_EXERCISE AIM_
Every entry, from first to last, must be written out exactly.

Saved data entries
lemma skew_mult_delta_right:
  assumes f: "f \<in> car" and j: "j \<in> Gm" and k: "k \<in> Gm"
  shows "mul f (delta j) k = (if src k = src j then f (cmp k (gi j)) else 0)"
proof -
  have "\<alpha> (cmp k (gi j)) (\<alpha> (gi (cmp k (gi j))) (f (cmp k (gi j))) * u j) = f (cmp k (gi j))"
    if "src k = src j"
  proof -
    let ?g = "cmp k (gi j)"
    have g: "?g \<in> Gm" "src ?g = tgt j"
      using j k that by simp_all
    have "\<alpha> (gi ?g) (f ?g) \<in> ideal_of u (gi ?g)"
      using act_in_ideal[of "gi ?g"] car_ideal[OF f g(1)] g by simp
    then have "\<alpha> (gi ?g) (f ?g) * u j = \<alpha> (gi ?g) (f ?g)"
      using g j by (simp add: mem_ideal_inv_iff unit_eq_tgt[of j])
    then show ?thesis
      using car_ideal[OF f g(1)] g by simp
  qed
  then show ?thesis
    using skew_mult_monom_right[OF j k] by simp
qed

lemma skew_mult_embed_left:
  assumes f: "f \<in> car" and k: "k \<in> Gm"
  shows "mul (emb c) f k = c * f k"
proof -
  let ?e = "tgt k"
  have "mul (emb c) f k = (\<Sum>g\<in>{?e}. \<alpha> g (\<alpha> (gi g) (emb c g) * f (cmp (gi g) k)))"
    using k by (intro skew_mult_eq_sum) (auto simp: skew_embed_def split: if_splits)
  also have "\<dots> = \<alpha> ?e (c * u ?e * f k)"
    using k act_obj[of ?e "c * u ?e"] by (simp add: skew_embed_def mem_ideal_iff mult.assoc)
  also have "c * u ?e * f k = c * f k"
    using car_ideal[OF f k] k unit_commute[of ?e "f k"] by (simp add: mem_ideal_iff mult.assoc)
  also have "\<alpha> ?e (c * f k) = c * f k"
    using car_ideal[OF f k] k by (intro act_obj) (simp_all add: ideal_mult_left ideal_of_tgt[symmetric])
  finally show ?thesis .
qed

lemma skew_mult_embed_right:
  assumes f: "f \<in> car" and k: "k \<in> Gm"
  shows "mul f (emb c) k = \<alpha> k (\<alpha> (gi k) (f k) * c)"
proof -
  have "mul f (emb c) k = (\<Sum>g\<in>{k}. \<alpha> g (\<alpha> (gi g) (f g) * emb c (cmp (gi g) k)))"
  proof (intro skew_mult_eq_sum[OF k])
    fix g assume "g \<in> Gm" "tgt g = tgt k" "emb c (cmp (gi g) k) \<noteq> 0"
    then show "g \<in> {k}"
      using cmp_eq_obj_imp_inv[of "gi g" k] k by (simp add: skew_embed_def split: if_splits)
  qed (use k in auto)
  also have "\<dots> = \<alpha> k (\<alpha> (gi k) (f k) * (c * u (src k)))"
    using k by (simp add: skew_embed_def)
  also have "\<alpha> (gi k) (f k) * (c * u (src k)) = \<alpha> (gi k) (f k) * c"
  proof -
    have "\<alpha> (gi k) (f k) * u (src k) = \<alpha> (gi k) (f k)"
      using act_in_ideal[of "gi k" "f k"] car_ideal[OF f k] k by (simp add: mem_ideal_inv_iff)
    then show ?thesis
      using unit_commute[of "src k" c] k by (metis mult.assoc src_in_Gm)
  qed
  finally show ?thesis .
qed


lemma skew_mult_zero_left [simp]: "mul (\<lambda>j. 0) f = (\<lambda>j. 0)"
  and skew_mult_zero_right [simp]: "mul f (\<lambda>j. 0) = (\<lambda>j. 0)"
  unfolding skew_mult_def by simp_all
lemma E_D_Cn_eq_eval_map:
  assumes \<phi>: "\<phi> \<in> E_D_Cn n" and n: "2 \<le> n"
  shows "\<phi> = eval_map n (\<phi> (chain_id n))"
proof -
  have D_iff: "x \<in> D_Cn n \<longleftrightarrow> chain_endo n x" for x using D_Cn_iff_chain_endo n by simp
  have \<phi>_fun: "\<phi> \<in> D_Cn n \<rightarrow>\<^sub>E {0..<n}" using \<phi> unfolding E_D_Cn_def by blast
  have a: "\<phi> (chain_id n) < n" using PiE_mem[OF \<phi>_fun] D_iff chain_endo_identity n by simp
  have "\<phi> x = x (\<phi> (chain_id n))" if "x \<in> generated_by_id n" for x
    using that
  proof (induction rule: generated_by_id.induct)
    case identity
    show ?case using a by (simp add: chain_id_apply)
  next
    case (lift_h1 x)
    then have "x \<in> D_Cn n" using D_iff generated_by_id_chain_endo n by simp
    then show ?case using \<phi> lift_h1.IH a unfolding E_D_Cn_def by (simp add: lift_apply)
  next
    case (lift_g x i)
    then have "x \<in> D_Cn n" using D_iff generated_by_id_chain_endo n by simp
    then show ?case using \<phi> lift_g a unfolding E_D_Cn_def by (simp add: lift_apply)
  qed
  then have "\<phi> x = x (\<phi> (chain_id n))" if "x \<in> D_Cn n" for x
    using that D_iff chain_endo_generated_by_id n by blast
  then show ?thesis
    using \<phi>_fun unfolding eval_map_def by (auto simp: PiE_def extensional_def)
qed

_RESPONSE_
lemma skew_mult_delta_right:
  assumes f: "f \<in> car" and j: "j \<in> Gm" and k: "k \<in> Gm"
  shows "mul f (delta j) k = (if src k = src j then f (cmp k (gi j)) else 0)"
proof -
  have "\<alpha> (cmp k (gi j)) (\<alpha> (gi (cmp k (gi j))) (f (cmp k (gi j))) * u j) = f (cmp k (gi j))"
    if "src k = src j"
  proof -
    let ?g = "cmp k (gi j)"
    have g: "?g \<in> Gm" "src ?g = tgt j"
      using j k that by simp_all
    have "\<alpha> (gi ?g) (f ?g) \<in> ideal_of u (gi ?g)"
      using act_in_ideal[of "gi ?g"] car_ideal[OF f g(1)] g by simp
    then have "\<alpha> (gi ?g) (f ?g) * u j = \<alpha> (gi ?g) (f ?g)"
      using g j by (simp add: mem_ideal_inv_iff unit_eq_tgt[of j])
    then show ?thesis
      using car_ideal[OF f g(1)] g by simp
  qed
  then show ?thesis
    using skew_mult_monom_right[OF j k] by simp
qed

lemma skew_mult_embed_left:
  assumes f: "f \<in> car" and k: "k \<in> Gm"
  shows "mul (emb c) f k = c * f k"
proof -
  let ?e = "tgt k"
  have "mul (emb c) f k = (\<Sum>g\<in>{?e}. \<alpha> g (\<alpha> (gi g) (emb c g) * f (cmp (gi g) k)))"
    using k by (intro skew_mult_eq_sum) (auto simp: skew_embed_def split: if_splits)
  also have "\<dots> = \<alpha> ?e (c * u ?e * f k)"
    using k act_obj[of ?e "c * u ?e"] by (simp add: skew_embed_def mem_ideal_iff mult.assoc)
  also have "c * u ?e * f k = c * f k"
    using car_ideal[OF f k] k unit_commute[of ?e "f k"] by (simp add: mem_ideal_iff mult.assoc)
  also have "\<alpha> ?e (c * f k) = c * f k"
    using car_ideal[OF f k] k by (intro act_obj) (simp_all add: ideal_mult_left ideal_of_tgt[symmetric])
  finally show ?thesis .
qed

lemma skew_mult_embed_right:
  assumes f: "f \<in> car" and k: "k \<in> Gm"
  shows "mul f (emb c) k = \<alpha> k (\<alpha> (gi k) (f k) * c)"
proof -
  have "mul f (emb c) k = (\<Sum>g\<in>{k}. \<alpha> g (\<alpha> (gi g) (f g) * emb c (cmp (gi g) k)))"
  proof (intro skew_mult_eq_sum[OF k])
    fix g assume "g \<in> Gm" "tgt g = tgt k" "emb c (cmp (gi g) k) \<noteq> 0"
    then show "g \<in> {k}"
      using cmp_eq_obj_imp_inv[of "gi g" k] k by (simp add: skew_embed_def split: if_splits)
  qed (use k in auto)
  also have "\<dots> = \<alpha> k (\<alpha> (gi k) (f k) * (c * u (src k)))"
    using k by (simp add: skew_embed_def)
  also have "\<alpha> (gi k) (f k) * (c * u (src k)) = \<alpha> (gi k) (f k) * c"
  proof -
    have "\<alpha> (gi k) (f k) * u (src k) = \<alpha> (gi k) (f k)"
      using act_in_ideal[of "gi k" "f k"] car_ideal[OF f k] k by (simp add: mem_ideal_inv_iff)
    then show ?thesis
      using unit_commute[of "src k" c] k by (metis mult.assoc src_in_Gm)
  qed
  finally show ?thesis .
qed


lemma skew_mult_zero_left [simp]: "mul (\<lambda>j. 0) f = (\<lambda>j. 0)"
  and skew_mult_zero_right [simp]: "mul f (\<lambda>j. 0) = (\<lambda>j. 0)"
  unfolding skew_mult_def by simp_all
lemma E_D_Cn_eq_eval_map:
  assumes \<phi>: "\<phi> \<in> E_D_Cn n" and n: "2 \<le> n"
  shows "\<phi> = eval_map n (\<phi> (chain_id n))"
proof -
  have D_iff: "x \<in> D_Cn n \<longleftrightarrow> chain_endo n x" for x using D_Cn_iff_chain_endo n by simp
  have \<phi>_fun: "\<phi> \<in> D_Cn n \<rightarrow>\<^sub>E {0..<n}" using \<phi> unfolding E_D_Cn_def by blast
  have a: "\<phi> (chain_id n) < n" using PiE_mem[OF \<phi>_fun] D_iff chain_endo_identity n by simp
  have "\<phi> x = x (\<phi> (chain_id n))" if "x \<in> generated_by_id n" for x
    using that
  proof (induction rule: generated_by_id.induct)
    case identity
    show ?case using a by (simp add: chain_id_apply)
  next
    case (lift_h1 x)
    then have "x \<in> D_Cn n" using D_iff generated_by_id_chain_endo n by simp
    then show ?case using \<phi> lift_h1.IH a unfolding E_D_Cn_def by (simp add: lift_apply)
  next
    case (lift_g x i)
    then have "x \<in> D_Cn n" using D_iff generated_by_id_chain_endo n by simp
    then show ?case using \<phi> lift_g a unfolding E_D_Cn_def by (simp add: lift_apply)
  qed
  then have "\<phi> x = x (\<phi> (chain_id n))" if "x \<in> D_Cn n" for x
    using that D_iff chain_endo_generated_by_id n by blast
  then show ?thesis
    using \<phi>_fun unfolding eval_map_def by (auto simp: PiE_def extensional_def)
qed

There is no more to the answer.